Women such as Lucy Burns and Alice Paul and women who were members of the National Women's Party took umbrage to the attitude from Woodrow Wilson and set out to expose his hypocrisy when he claimed that he was "making the world safe for democracy" and when it wasn't happening at home they picketed with signs that said, " Mr President, how long must women wait for liberty"? They even burned copies of Wilson's speeches in protest.
Many women were arrested for "obstructing traffic" and thrown in jail. Many were beaten, and 33 women were falsely convicted of a crime. Police went at them with clubs and before the night was over many of the women were barely alive, all for "obstructing sidewalk traffic".
Dora Lewis was thrown into a very dark cell and thrown up against an iron bed that knocked her out cold. Later affidavits mentioned that she had been, dragged, grabbed,beaten, choked,kicked and swung around by her hair. Why? Because she was picketing in front of the White House.
Night of Terror of 1917
Lucy Burns was beaten by several guards. She was handcuffed with her hands above her head and left there for the whole night as she gasped for breath and almost bled to death.
The Night of Terror began on November 15, 1917 when the guards at the Occoquan prison were given the order by the warden to teach a lesson to all the women that had been imprisoned there for picketing for their right to vote. For many weeks the only water that these women had was contaminated and the slop that was fed to them was infested with maggots.
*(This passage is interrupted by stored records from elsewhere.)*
fun fb_traj :: "nat \<Rightarrow> nat \<Rightarrow> mat \<Rightarrow> mat \<Rightarrow> mat \<Rightarrow> vec \<Rightarrow> nat \<Rightarrow> vec" where
  "fb_traj nx nu A B K x0 0 = x0"
| "fb_traj nx nu A B K x0 (Suc k) =
     step nx nu A B (fb_traj nx nu A B K x0 k) (vneg (mv nu nx K (fb_traj nx nu A B K x0 k)))"

definition stabilizable :: "nat \<Rightarrow> nat \<Rightarrow> mat \<Rightarrow> mat \<Rightarrow> bool" where
  "stabilizable nx nu A B \<longleftrightarrow>
     (\<exists>K. \<forall>x0\<in>vecs nx. to_origin nx (fb_traj nx nu A B K x0))"

definition stage_cost :: "nat \<Rightarrow> nat \<Rightarrow> mat \<Rightarrow> mat \<Rightarrow> vec \<Rightarrow> vec \<Rightarrow> real" where
  "stage_cost nx nu Q R x u = quad nx Q x + quad nu R u"

definition lqr_gain :: "nat \<Rightarrow> nat \<Rightarrow> mat \<Rightarrow> mat \<Rightarrow> mat \<Rightarrow> mat \<Rightarrow> mat \<Rightarrow> bool" where
  "lqr_gain nx nu A B Q R K \<longleftrightarrow>
     (\<forall>x0\<in>vecs nx.
        let xs = fb_traj nx nu A B K x0;
            cK = (\<lambda>k. stage_cost nx nu Q R (xs k) (vneg (mv nu nx K (xs k))))
        in summable cK \<and> to_origin nx xs \<and>
           (\<forall>u. (\<forall>k. u k \<in> vecs nu) \<longrightarrow>
                summable (\<lambda>k. stage_cost nx nu Q R (traj nx nu A B u x0 k) (u k)) \<longrightarrow>
                suminf cK \<le> suminf (\<lambda>k. stage_cost nx nu Q R (traj nx nu A B u x0 k) (u k))))"

text \<open>ReLU networks. A hidden layer is a triple (n_l, W_l, b_l); the input
dimension of layer l is n_{l-1} (n_0 = n_x).\<close>

type_synonym layer = "nat \<times> mat \<times> vec"

definition preact :: "nat \<Rightarrow> nat \<Rightarrow> mat \<Rightarrow> vec \<Rightarrow> vec \<Rightarrow> vec" where
  "preact n m W b x = (\<lambda>i. if i < n then (\<Sum>j<m. W i j * x j) + b i else 0)"

definition relu_layer :: "nat \<Rightarrow> nat \<Rightarrow> mat \<Rightarrow> vec \<Rightarrow> vec \<Rightarrow> vec" where
  "relu_layer n m W b x = (\<lambda>i. max 0 (preact n m W b x i))"

fun fwd :: "nat \<Rightarrow> layer list \<Rightarrow> vec \<Rightarrow> vec" where
  "fwd m [] x = x"
| "fwd m ((n, W, b) # ls) x = fwd n ls (relu_layer n m W b x)"

fun outdim :: "nat \<Rightarrow> layer list \<Rightarrow> nat" where
  "outdim m [] = m"
| "outdim m ((n, W, b) # ls) = outdim n ls"

text \<open>Activation pattern G(x) = (gamma_1(x),...,gamma_L(x)); gamma_l(x)^(i) is
True (=1) iff the preactivation is >= 0 (entries i >= n_l are set to False).\<close>
fun pattern :: "nat \<Rightarrow> layer list \<Rightarrow> vec \<Rightarrow> (nat \<Rightarrow> bool) list" where
  "pattern m [] x = []"
| "pattern m ((n, W, b) # ls) x =
     (\<lambda>i. i < n \<and> preact n m W b x i \<ge> 0) # pattern n ls (relu_layer n m W b x)"

text \<open>eta_L for a fixed pattern Gamma: eta_l = gamma_l .* (W_l eta_{l-1} + b_l).
By definition this is W_{Gamma,L} x + b_{Gamma,L}.\<close>
fun eta :: "nat \<Rightarrow> layer list \<Rightarrow> (nat \<Rightarrow> bool) list \<Rightarrow> vec \<Rightarrow> vec" where
  "eta m [] gs x = x"
| "eta m ((n, W, b) # ls) [] x = x"
| "eta m ((n, W, b) # ls) (g # gs) x =
     eta n ls gs (\<lambda>i. if g i then preact n m W b x i else 0)"
lemma normal_core_normal:
  assumes K: "subgroup K G" and B: "subgroup B G" "B \<subseteq> K"
  shows "normal_core G K B \<lhd> G\<lparr>carrier := K\<rparr>"
proof -
  let ?A = "normal_core G K B"
  have KG: "g \<in> carrier G" if "g \<in> K" for g using subgroup.mem_carrier[OF K that] .
  have BG: "B \<subseteq> carrier G" using subgroup.subset[OF B(1)] .
  have "subgroup ?A G"
    unfolding normal_core_def
  proof (rule subgroups_Inter)
    show "(\<lambda>g. (\<lambda>b. g \<otimes> b \<otimes> inv g) ` B) ` K \<noteq> {}" using subgroup.one_closed[OF K] by blast
  qed (auto intro: subgroup_conj_image[OF KG B(1)])
  moreover have "?A \<subseteq> K" using normal_core_subset[OF subgroup.one_closed[OF K] BG] B(2) by blast
  moreover have "x \<otimes> h \<otimes> inv x \<in> ?A" if x: "x \<in> K" and h: "h \<in> ?A" for x h
  proof -
    have "x \<otimes> h \<otimes> inv x \<in> (\<lambda>b. g \<otimes> b \<otimes> inv g) ` B" if g: "g \<in> K" for g
    proof -
      have "inv x \<otimes> g \<in> K" using K x g by (simp add: subgroup.m_closed subgroup.m_inv_closed)
      then obtain b where b: "b \<in> B" "h = (inv x \<otimes> g) \<otimes> b \<otimes> inv (inv x \<otimes> g)"
        using h unfolding normal_core_def by blast
      have "x \<otimes> h \<otimes> inv x = g \<otimes> b \<otimes> inv g"
        using b KG[OF x] KG[OF g] BG by (simp add: m_assoc inv_mult_group subsetD)
      then show ?thesis using b(1) by blast
    qed
    then show ?thesis unfolding normal_core_def by blast
  qed
  ultimately show ?thesis unfolding normal_in_subgroup_iff[OF K] by blast
qed

lemma card_le_power_card_normal_core:
  assumes C: "subgroup C G" "finite C" and K: "subgroup K G" "finite K"
    and B: "subgroup B G" "B \<subseteq> C" "card C \<le> J * card B"
    and K_normalizes_C: "\<And>g c. g \<in> K \<Longrightarrow> c \<in> C \<Longrightarrow> g \<otimes> c \<otimes> inv g \<in> C"
  shows "card C \<le> J ^ card ((\<lambda>g. (\<lambda>b. g \<otimes> b \<otimes> inv g) ` B) ` K) * card (normal_core G K B)"
proof -
  let ?S = "(\<lambda>g. (\<lambda>b. g \<otimes> b \<otimes> inv g) ` B) ` K"
  have KG: "g \<in> carrier G" if "g \<in> K" for g using subgroup.mem_carrier[OF K(1) that] .
  have BG: "B \<subseteq> carrier G" using subgroup.subset[OF B(1)] .
  have "C \<inter> \<Inter>?S = normal_core G K B"
    using normal_core_subset[OF subgroup.one_closed[OF K(1)] BG] B(2)
    unfolding normal_core_def by blast
  moreover have "card C \<le> J ^ card ?S * card (C \<inter> \<Inter>?S)"
  proof (rule card_le_power_card_Inter[OF _ C])
    fix N assume "N \<in> ?S"
    then obtain g where g: "g \<in> K" "N = (\<lambda>b. g \<otimes> b \<otimes> inv g) ` B" by blast
    then show "subgroup N G \<and> N \<subseteq> C \<and> card C \<le> J * card N"
      using subgroup_conj_image[OF KG B(1)] card_conj_image[OF KG BG] K_normalizes_C B by auto
  qed (use K(2) in simp)
  ultimately show ?thesis by simp
qed
(* Let $n\ge1$, let $\Delta\subset\mathbb{R}^n$ be an $n$-simplex with vertices $\mathbf{x}_0,\dots,\mathbf{x}_n$, and let $f\colon\Delta\to\mathbb{R}$ be convex. Then $$\operatorname{Avg}(f,\Delta)\le \alpha_n\frac{1}{\binom{n+1}{2}}\sum_{0\le i<j\le n}f\!\left(\frac{\mathbf{x}_i+\mathbf{x}_j}{2}\right)+\beta_n\frac{f(\mathbf{x}_0)+\dots+f(\mathbf{x}_n)}{n+1},$$ where $\alpha_n=\frac{\lfloor (n+1)/2\rfloor}{n+1}$ and $\beta_n=\frac{\lceil (n+1)/2\rceil}{n+1}$.
   Context: $\mathbf{x}_0,\dots,\mathbf{x}_n\in\mathbb{R}^n$ are affinely independent and $\Delta=\operatorname{conv}\{\mathbf{x}_0,\dots,\mathbf{x}_n\}$. $\operatorname{Avg}(f,\Delta)=\frac{1}{\operatorname{Vol}_n(\Delta)}\int_\Delta f(\mathbf{x})\,d\mathbf{x}$ (Lebesgue measure on $\mathbb{R}^n$). *)

theory Defs
  imports "HOL-Analysis.Analysis"
begin

definition Avg :: "('a::euclidean_space \<Rightarrow> real) \<Rightarrow> 'a set \<Rightarrow> real" where
  "Avg f S = (LINT x : S | lborel. f x) / measure lborel S"

end

theory Submission
  imports Defs
begin

text \<open>
  Write \<open>\<lambda>\<^sub>0, \<dots>, \<lambda>\<^sub>n\<close> for the barycentric coordinates on \<open>\<Delta>\<close>. For a parameter
  \<open>0 \<le> c \<le> 1/n\<close>, every point \<open>p\<close> is a convex combination of the vertices and the edge
  midpoints, with weight \<open>c min(\<lambda>\<^sub>i p, \<lambda>\<^sub>j p)\<close> on \<open>(x\<^sub>i + x\<^sub>j)/2\<close> and the remaining mass
  \<open>\<lambda>\<^sub>i p - c \<Sum>\<^sub>k\<^sub>\<noteq>\<^sub>i min(\<lambda>\<^sub>i p, \<lambda>\<^sub>k p)\<close> on \<open>x\<^sub>i\<close>. Jensen's inequality at every point, integrated
  over \<open>\<Delta>\<close>, bounds the average of \<open>f\<close> by a combination of vertex and midpoint values whose
  coefficients are the averages of these weights. By the symmetry of \<open>\<Delta>\<close> under exchanging two
  vertices, \<open>\<lambda>\<^sub>i\<close> has average \<open>1/(n+1)\<close>; splitting \<open>\<Delta>\<close> along \<open>\<lambda>\<^sub>i = \<lambda>\<^sub>j\<close> and shearing one half
  onto \<open>\<Delta>\<close> shows that \<open>min(\<lambda>\<^sub>i, \<lambda>\<^sub>j)\<close> has average \<open>1/(2(n+1))\<close>. The stated bound is the
  case \<open>c = 2\<lfloor>(n+1)/2\<rfloor> / (n(n+1))\<close>.
\<close>

section \<open>Integration and measure on Euclidean spaces\<close>

lemma integrable_on_compact_continuous:
  fixes h :: "'a::euclidean_space \<Rightarrow> 'b::euclidean_space"
  assumes "compact K" "continuous_on K h"
  shows "h integrable_on K"
  by (metis assms borel_integrable_compact set_borel_integral_eq_integral(1) set_integrable_def)

lemma absolutely_integrable_on_compact_continuous:
  fixes h :: "'a::euclidean_space \<Rightarrow> 'b::euclidean_space"
  assumes "compact K" "continuous_on K h"
  shows "h absolutely_integrable_on K"
  unfolding absolutely_integrable_on_def
  using assms by (auto intro!: integrable_on_compact_continuous continuous_intros)

lemma integral_affine_image:
  fixes g :: "(real, 'm::{finite,wellorder}) vec \<Rightarrow> (real, 'm) vec" and h :: "(real, 'm) vec \<Rightarrow> real"
  assumes lin: "linear (\<lambda>p. g p - g 0)" and S: "compact S" and inj: "inj_on g S"
    and h: "continuous_on (g ` S) h"
  shows "integral (g ` S) h = \<bar>det (matrix (\<lambda>p. g p - g 0))\<bar> * integral S (\<lambda>p. h (g p))"
proof -
  define G where "G = (\<lambda>p. g p - g 0)"
  have "((\<lambda>p. G p + g 0) has_derivative G) (at p within S)" for p
    unfolding G_def by (intro has_derivative_add_const linear_imp_has_derivative lin)
  then have der: "(g has_derivative G) (at p within S)" for p
    by (simp add: G_def)
  have "compact (g ` S)"
    using S der by (intro compact_continuous_image has_derivative_continuous_on) auto
  \<comment> \<open>The change of variables theorem is stated for vector-valued integrands.\<close>
  define H where "H = (\<lambda>y. h y *\<^sub>R (axis 1 1 :: real^1))"
  have "H absolutely_integrable_on (g ` S)"
    unfolding H_def by (intro absolutely_integrable_on_compact_continuous continuous_intros
        \<open>compact (g ` S)\<close> h)
  with has_absolute_integral_change_of_variables_compact[OF S der inj, of H "integral (g ` S) H"]
  have eq: "integral S (\<lambda>p. \<bar>det (matrix G)\<bar> *\<^sub>R H (g p)) = integral (g ` S) H"
    and int: "(\<lambda>p. \<bar>det (matrix G)\<bar> *\<^sub>R H (g p)) absolutely_integrable_on S"
    by blast+
  have "integral (g ` S) h = integral (g ` S) H $ 1"
    using integral_component_eq_cart[OF set_lebesgue_integral_eq_integral(1)
        [OF \<open>H absolutely_integrable_on (g ` S)\<close>], of 1]
    by (simp add: H_def)
  also have "\<dots> = integral S (\<lambda>p. \<bar>det (matrix G)\<bar> * h (g p))"
    using integral_component_eq_cart[OF set_lebesgue_integral_eq_integral(1)[OF int], of 1] eq
    by (simp add: H_def)
  finally show ?thesis
    by (simp add: G_def)
qed

lemma integral_Un_negligible:
  fixes h :: "'a::euclidean_space \<Rightarrow> real"
  assumes "h integrable_on A" "h integrable_on B" "negligible (A \<inter> B)"
  shows "integral (A \<union> B) h = integral A h + integral B h"
  using has_integral_Un[OF integrable_integral[OF assms(1)] integrable_integral[OF assms(2)] assms(3)]
  by (rule integral_unique)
More women of the movement
Alice Paul was the chairman of the Congressional Committee of the National American Women Suffrage Association in 1913. She was very active in the role for the women's movement. She was among the women that were arrested on the Night of Terror and on several other occasions. She embarked on a hunger strike and the prison guards tied her to a chair and forced a tube down her throat and poured tons of water into her stomache until she threw it up.She was tortured in this manner for weeks until word leaked out to the press. She underwent psychological evaluations because the warden wanted her to be declared insane for her actions. Fortunately, her evaluator would not declare her insane and added that it was a shame that women who had the convictions to speak up were often made to look "crazy" in order to silence them. Finally the judge declared that the women had been unjustly imprisoned and were just exercising their right to protest
For all that these women suffered, it would take 3 more years for them to win the vote, but what a triumph it must have been for these women, pioneers and the voices for all women of the United States. As women we should all be grateful for ourselves and for our daughters and their daughters after them and to never forget these women of 1917, for them we shall never forget.